Oxygen
- Author: Andrew Miller
- Language: English
- Genre: Fictional prose
- Publisher: Sceptre
- Publication date: 6 September 2001
- Publication place: England
- Media type: Print
- Pages: 323
- ISBN: 978-0-340-72825-3
- OCLC: 48362915
- Preceded by: Casanova (1999)
- Followed by: The Optimists (2005)

= Oxygen (Miller novel) =

2001 novel by Andrew Miller

Oxygen is the third novel by English author, Andrew Miller, released on 6 September 2001 through Sceptre. Although the novel received mixed reviews, it was shortlisted for both a Man Booker Prize and a Whitbread Award in 2001.

==Plot==
Set in San Fernando Valley and Hungary in 1997, the story revolves around a late-stage cancer patient, Alice; her two markedly different sons, one a translator, the other a soap star; and a seemingly unconnected Hungarian playwright named László Lázár. The plot centres on the family's troubles and the sons coming to terms with the fact that their mother will likely not see another birthday.

==Reception==
Alfred Hickling, writing for The Guardian, praised Miller's "piteous and poetic" evocation of the subject of Alice's cancer and stated: "Most fiction catalogues its characters' achievements; Miller lingers remorselessly on their failures.
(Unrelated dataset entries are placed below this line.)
lemma norm_H2_inner_monomial_le:
  assumes holf: "f holomorphic_on cball 0 R" and holh: "h holomorphic_on ball 0 1"
    and \<rho>: "0 < \<rho>" "\<rho> < 1" "1 < \<rho> * R"
  obtains B where "\<And>k. norm (H2_inner f (\<lambda>w. w ^ k * h w)) \<le> B * \<rho> ^ k"
proof -
  obtain B where "0 \<le> B" and B: "\<And>w. w \<in> sphere 0 \<rho> \<Longrightarrow> norm (h w * reflect_unit_circle f w / w) \<le> B"
    by (rule continuous_on_compact_bound[OF compact_sphere continuous_on_sphere_reflect_div[OF holf holh \<rho>]]) blast
  have "norm (H2_inner f (\<lambda>w. w ^ k * h w)) \<le> (B * \<rho>) * \<rho> ^ k" for k
  proof -
    have "norm (2 * pi * \<i> * cnj (H2_inner f (\<lambda>w. w ^ k * h w))) \<le> B * \<rho> ^ k * (2 * pi * \<rho>)"
    proof (rule has_contour_integral_bound_circlepath[OF has_contour_integral_monomial_reflect[OF holf holh \<rho>]])
      fix w :: complex
      assume w: "norm (w - 0) = \<rho>"
      then have "norm (w ^ k * h w * reflect_unit_circle f w / w) =
                   \<rho> ^ k * norm (h w * reflect_unit_circle f w / w)"
        by (simp add: norm_mult norm_power norm_divide)
      also have "\<dots> \<le> \<rho> ^ k * B"
        using B[of w] w \<rho>(1) by (intro mult_left_mono) auto
      finally show "norm (w ^ k * h w * reflect_unit_circle f w / w) \<le> B * \<rho> ^ k"
        by (simp add: mult.commute)
    qed (use \<open>0 \<le> B\<close> \<rho> in auto)
    also have "B * \<rho> ^ k * (2 * pi * \<rho>) = 2 * pi * ((B * \<rho>) * \<rho> ^ k)"
      by (simp add: mult_ac)
    finally show ?thesis
      by (simp add: norm_mult mult_le_cancel_left_pos pi_gt_zero)
  qed
  then show ?thesis
    by (rule that)
qed

lemma isCont_toeplitz_conj:
  assumes holf: "f holomorphic_on cball 0 R" and holh: "h holomorphic_on ball 0 1"
    and \<rho>: "0 < \<rho>" "\<rho> < 1" "1 < \<rho> * R" and z: "norm z * \<rho> < 1"
  shows "isCont (toeplitz_conj h f) z"
proof -
  define c where "c k = H2_inner f (\<lambda>w. w ^ k * h w)" for k
  obtain B where c_bound: "\<And>k. norm (c k) \<le> B * \<rho> ^ k"
    unfolding c_def by (rule norm_H2_inner_monomial_le[OF holf holh \<rho>]) blast
  define K where "K = (norm z + 1 / \<rho>) / 2"
  have "norm z < 1 / \<rho>"
    using z \<rho>(1) by (simp add: field_simps)
  then have zK: "norm z < K" and "K < 1 / \<rho>" "0 < K"
    unfolding K_def using \<rho>(1) by (auto intro: add_nonneg_pos)
  then have "K * \<rho> < 1"
    using \<rho>(1) by (simp add: field_simps)
  then have geometric: "summable (\<lambda>k. B * (K * \<rho>) ^ k)"
    using \<open>0 < K\<close> \<rho>(1) by (intro summable_mult summable_geometric) auto
  have dominated: "norm (c k * complex_of_real K ^ k) \<le> B * (K * \<rho>) ^ k" for k
  proof -
    have "norm (c k * complex_of_real K ^ k) = norm (c k) * K ^ k"
      using \<open>0 < K\<close> by (simp add: norm_mult norm_power)
    also have "\<dots> \<le> B * \<rho> ^ k * K ^ k"
      using c_bound \<open>0 < K\<close> by (intro mult_right_mono) auto
    finally show ?thesis
      by (simp add: power_mult_distrib mult_ac)
  qed
  have "isCont (\<lambda>x. \<Sum>k. c k * x ^ k) z"
    using summable_comparison_test'[OF geometric dominated] by (rule isCont_powser) (use zK in simp)
  moreover have "toeplitz_conj h f = (\<lambda>x. \<Sum>k. c k * x ^ k)"
    by (simp add: fun_eq_iff toeplitz_conj_def c_def)
  ultimately show ?thesis
    by (simp only:)
qed

lemma separating_radii:
  fixes a :: "'a \<Rightarrow> complex"
  assumes "finite A" "\<And>m. m \<in> A \<Longrightarrow> norm (a m) < 1"
  obtains \<rho> R where "0 < \<rho>" "\<rho> < 1" "1 < \<rho> * R"
    "\<And>m. m \<in> A \<Longrightarrow> norm (a m) < \<rho>" "\<And>m. m \<in> A \<Longrightarrow> norm (a m) * R < 1"
proof -
  define \<sigma> where "\<sigma> = Max (insert 0 ((\<lambda>m. norm (a m)) ` A))"
  have \<sigma>: "0 \<le> \<sigma>" "\<sigma> < 1" "\<And>m. m \<in> A \<Longrightarrow> norm (a m) \<le> \<sigma>"
    using assms by (auto simp: \<sigma>_def)
  show ?thesis
  proof
    show "0 < (3 + \<sigma>) / 4" "(3 + \<sigma>) / 4 < 1" "1 < (3 + \<sigma>) / 4 * (2 / (1 + \<sigma>))"
      using \<sigma> by (auto simp: field_simps)
    show "norm (a m) < (3 + \<sigma>) / 4" "norm (a m) * (2 / (1 + \<sigma>)) < 1" if "m \<in> A" for m
      using \<sigma>(1,2) \<sigma>(3)[OF that] by (auto simp: field_simps)
  qed
qed

lemma gamma_fn_holomorphic_on_cball:
  assumes "1 \<le> n" "\<And>m. m \<in> {1..n} \<Longrightarrow> norm (lam m) * R < 1"
  shows "gamma_fn lam n holomorphic_on cball 0 R"
proof -
  have "1 - cnj (lam m) * u \<noteq> 0" if "m \<in> {1..n}" "u \<in> cball 0 R" for m u
  proof
    assume "1 - cnj (lam m) * u = 0"
    then have "1 = norm (cnj (lam m) * u)"
      by simp
    also have "\<dots> \<le> norm (lam m) * R"
      using that by (simp add: norm_mult mult_left_mono)
    finally show False
      using assms(2)[OF that(1)] by simp
  qed
  then show ?thesis
    unfolding gamma_fn_def bfac_def using assms(1) by (auto intro!: holomorphic_intros)
qed

lemma reflect_gamma_fn:
  assumes "1 \<le> n" "w \<noteq> 0" "\<And>m. m \<in> {1..n} \<Longrightarrow> w \<noteq> lam m"
  shows "reflect_unit_circle (gamma_fn lam n) w / w =
           sqrt (1 - (norm (lam n))\<^sup>2) * (\<Prod>m=1..n-1. 1 - cnj (lam m) * w) / (\<Prod>m=1..n. w - lam m)"
proof -
  define c where "c = complex_of_real (sqrt (1 - (norm (lam n))\<^sup>2))"
  have bfac: "cnj (bfac (lam m) (1 / cnj w)) = (1 - cnj (lam m) * w) / (w - lam m)"
    if "m \<in> {1..n}" for m
    using assms(2) assms(3)[OF that] by (simp add: bfac_def field_simps)
  have first: "cnj (c / (1 - cnj (lam n) * (1 / cnj w))) / w = c / (w - lam n)"
    using assms by (simp add: c_def field_simps)
  have "reflect_unit_circle (gamma_fn lam n) w / w =
          cnj (c / (1 - cnj (lam n) * (1 / cnj w))) / w * (\<Prod>m=1..n-1. cnj (bfac (lam m) (1 / cnj w)))"
    unfolding reflect_unit_circle_def gamma_fn_def c_def[symmetric] by (simp add: cnj_prod)
  also have "\<dots> = c / (w - lam n) * ((\<Prod>m=1..n-1. 1 - cnj (lam m) * w) / (\<Prod>m=1..n-1. w - lam m))"
    unfolding first prod_dividef[symmetric] using bfac by (intro arg_cong2[where f = "(*)"] prod.cong) auto
  also have "\<dots> = c * (\<Prod>m=1..n-1. 1 - cnj (lam m) * w) / ((\<Prod>m=1..n-1. w - lam m) * (w - lam n))"
    by (simp add: mult.commute)
  also have "(\<Prod>m=1..n-1. w - lam m) * (w - lam n) = (\<Prod>m=1..n. w - lam m)"
    using assms(1) by (cases n) (auto simp: prod.cl_ivl_Suc)
  finally show ?thesis
    unfolding c_def .
qed

lemma has_contour_integral_reflect_gamma_fn:
  fixes n r :: nat
  assumes "1 \<le> n" and holh: "h holomorphic_on ball 0 1"
    and mu: "inj_on mu {1..r}" and k: "\<forall>l\<in>{1..r}. k l \<ge> 1"
    and factor: "\<forall>z. (\<Prod>l=1..n. z - lam l) = (\<Prod>l=1..r. (z - mu l) ^ k l)"
    and "norm \<zeta> = 1" and \<rho>: "0 < \<rho>" "\<rho> < 1" and lam: "\<And>m. m \<in> {1..n} \<Longrightarrow> norm (lam m) < \<rho>"
  shows "((\<lambda>w. h w * reflect_unit_circle (gamma_fn lam n) w / w / (1 - cnj \<zeta> * w)) has_contour_integral
           complex_of_real (sqrt (1 - (norm (lam n))\<^sup>2)) *
           (2 * pi * \<i> * (\<Sum>l=1..r. (deriv ^^ (k l - 1))
              (\<lambda>w. h w * (\<Prod>m=1..n-1. 1 - cnj (lam m) * w) /
                    ((1 - cnj \<zeta> * w) * (\<Prod>j\<in>{1..r}-{l}. (w - mu j) ^ k j)))
              (mu l) / fact (k l - 1)))) (circlepath 0 \<rho>)"
proof -
  define c where "c = complex_of_real (sqrt (1 - (norm (lam n))\<^sup>2))"
  define G where "G w = h w * (\<Prod>m=1..n-1. 1 - cnj (lam m) * w) / (1 - cnj \<zeta> * w)" for w
  have "1 - cnj \<zeta> * w \<noteq> 0" if "w \<in> ball 0 1" for w
  proof
    assume "1 - cnj \<zeta> * w = 0"
    then have "norm (cnj \<zeta> * w) = 1"
      by (metis eq_iff_diff_eq_0 norm_one)
    then show False
      using that \<open>norm \<zeta> = 1\<close> by (simp add: norm_mult)
  qed
  then have "G holomorphic_on ball 0 1"
    unfolding G_def by (intro holomorphic_intros holh) auto
  moreover have "lam ` {1..n} = mu ` {1..r}"
    using factor k by (intro roots_eq_if_prod_eq) auto
  then have "norm (mu l - 0) < \<rho>" if "l \<in> {1..r}" for l
    using lam that by (metis diff_zero imageE imageI)
  ultimately have integral: "((\<lambda>w. c * (G w / (\<Prod>l=1..r. (w - mu l) ^ k l))) has_contour_integral
                     c * (2 * pi * \<i> * (\<Sum>l=1..r. (deriv ^^ (k l - 1))
                        (\<lambda>w. G w / (\<Prod>j\<in>{1..r}-{l}. (w - mu j) ^ k j)) (mu l) / fact (k l - 1))))
                   (circlepath 0 \<rho>)"
    using \<rho> mu k by (intro has_contour_integral_lmul has_contour_integral_circlepath_div_prod_powers) auto
  have integrand: "h w * reflect_unit_circle (gamma_fn lam n) w / w / (1 - cnj \<zeta> * w) =
                   c * (G w / (\<Prod>l=1..r. (w - mu l) ^ k l))" if "w \<in> sphere 0 \<rho>" for w
  proof -
    have "w \<noteq> 0" "\<And>m. m \<in> {1..n} \<Longrightarrow> w \<noteq> lam m"
      using that lam \<rho>(1) by force+
    then show ?thesis
      using reflect_gamma_fn[OF \<open>1 \<le> n\<close>] factor
      by (simp add: G_def c_def divide_inverse mult_ac)
  qed
  have derivand: "(\<lambda>w. G w / (\<Prod>j\<in>{1..r}-{l}. (w - mu j) ^ k j)) =
      (\<lambda>w. h w * (\<Prod>m=1..n-1. 1 - cnj (lam m) * w) /
            ((1 - cnj \<zeta> * w) * (\<Prod>j\<in>{1..r}-{l}. (w - mu j) ^ k j)))" for l
    by (simp add: G_def fun_eq_iff)
  show ?thesis
    unfolding c_def[symmetric] derivand[symmetric]
    by (rule has_contour_integral_eq[OF integral]) (use integrand \<rho>(1) in auto)
qed

theorem proposition3p2:
  fixes lam :: "nat \<Rightarrow> complex" and h :: "complex \<Rightarrow> complex" and n r :: nat
    and mu :: "nat \<Rightarrow> complex" and k :: "nat \<Rightarrow> nat" and \<zeta> :: complex
  assumes "blaschke_seq lam"
    and "h \<in> H2"
    and "n \<ge> 1"
    and "inj_on mu {1..r}"
    and "\<forall>l\<in>{1..r}. k l \<ge> 1"
    and "\<forall>z. (\<Prod>l=1..n. z - lam l) = (\<Prod>l=1..r. (z - mu l) ^ k l)"
    and "norm \<zeta> = 1"
  shows "(toeplitz_conj h (gamma_fn lam n) \<longlongrightarrow>
           complex_of_real (sqrt (1 - (norm (lam n))\<^sup>2)) *
           (\<Sum>l=1..r. cnj ((deriv ^^ (k l - 1))
              (\<lambda>w. h w * (\<Prod>m=1..n-1. 1 - cnj (lam m) * w) /
                    ((1 - cnj \<zeta> * w) * (\<Prod>j\<in>{1..r}-{l}. (w - mu j) ^ k j)))
              (mu l)) / of_nat (fact (k l - 1))))
         (at \<zeta> within ball 0 1)"
proof -
  have holh: "h holomorphic_on ball 0 1"
    using assms(2) by (simp add: H2_def)
  obtain \<rho> R where \<rho>: "0 < \<rho>" "\<rho> < 1" "1 < \<rho> * R"
    and lam_\<rho>: "\<And>m. m \<in> {1..n} \<Longrightarrow> norm (lam m) < \<rho>"
    and lam_R: "\<And>m. m \<in> {1..n} \<Longrightarrow> norm (lam m) * R < 1"
    by (rule separating_radii[of "{1..n}" lam]) (use assms(1) in \<open>auto simp: blaschke_seq_def\<close>)
  have hol\<gamma>: "gamma_fn lam n holomorphic_on cball 0 R"
    using assms(3) lam_R by (rule gamma_fn_holomorphic_on_cball)
  have \<zeta>\<rho>: "norm \<zeta> * \<rho> < 1"
    using assms(7) \<rho> by simp
  define c where "c = complex_of_real (sqrt (1 - (norm (lam n))\<^sup>2))"
  define D where "D l = (deriv ^^ (k l - 1))
              (\<lambda>w. h w * (\<Prod>m=1..n-1. 1 - cnj (lam m) * w) /
                    ((1 - cnj \<zeta> * w) * (\<Prod>j\<in>{1..r}-{l}. (w - mu j) ^ k j))) (mu l)" for l
  have "toeplitz_conj h (gamma_fn lam n) \<zeta> = cnj (c * (2 * pi * \<i> * (\<Sum>l=1..r. D l / fact (k l - 1))) / (2 * pi * \<i>))"
    unfolding c_def D_def
    by (simp only: toeplitz_conj_eq_contour_integral[OF hol\<gamma> holh \<rho> \<zeta>\<rho>]
        contour_integral_unique[OF has_contour_integral_reflect_gamma_fn[OF assms(3) holh assms(4-7) \<rho>(1,2) lam_\<rho>]])
  also have "\<dots> = cnj (c * (\<Sum>l=1..r. D l / fact (k l - 1)))"
    by (subst mult.left_commute, subst nonzero_mult_div_cancel_left) auto
  also have "\<dots> = c * (\<Sum>l=1..r. cnj (D l) / of_nat (fact (k l - 1)))"
    by (simp add: c_def cnj_sum)
  finally have "(toeplitz_conj h (gamma_fn lam n) \<longlongrightarrow> c * (\<Sum>l=1..r. cnj (D l) / of_nat (fact (k l - 1))))
                  (at \<zeta> within ball 0 1)"
    using continuous_at_imp_continuous_at_within[OF isCont_toeplitz_conj[OF hol\<gamma> holh \<rho> \<zeta>\<rho>]]
    by (simp add: continuous_within)
  then show ?thesis
    unfolding c_def D_def .
qed

end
It's a bleak world, but one invested with a peculiar beauty." In a review for the New York Times, author Margot Livesey praised Miller's disparate storytelling, stating "only a writer of verve and talent would be able to pull off the creation of such varied milieus, and happily, Miller is such a writer." Livesey also praised the ending of the novel, stating that "although Miller's methods may lead to a certain diminution of emotional impact, the ending of his novel more than rewards the attentive reader." The novel was well received by Publishers Weekly, with the reviewer praising Miller's "elegant, resonant prose" and "brilliant dexterity" with respect to his intertwined plot-lines, and stating that "this book breathes with compassion and honesty, and with the rare quality called hope".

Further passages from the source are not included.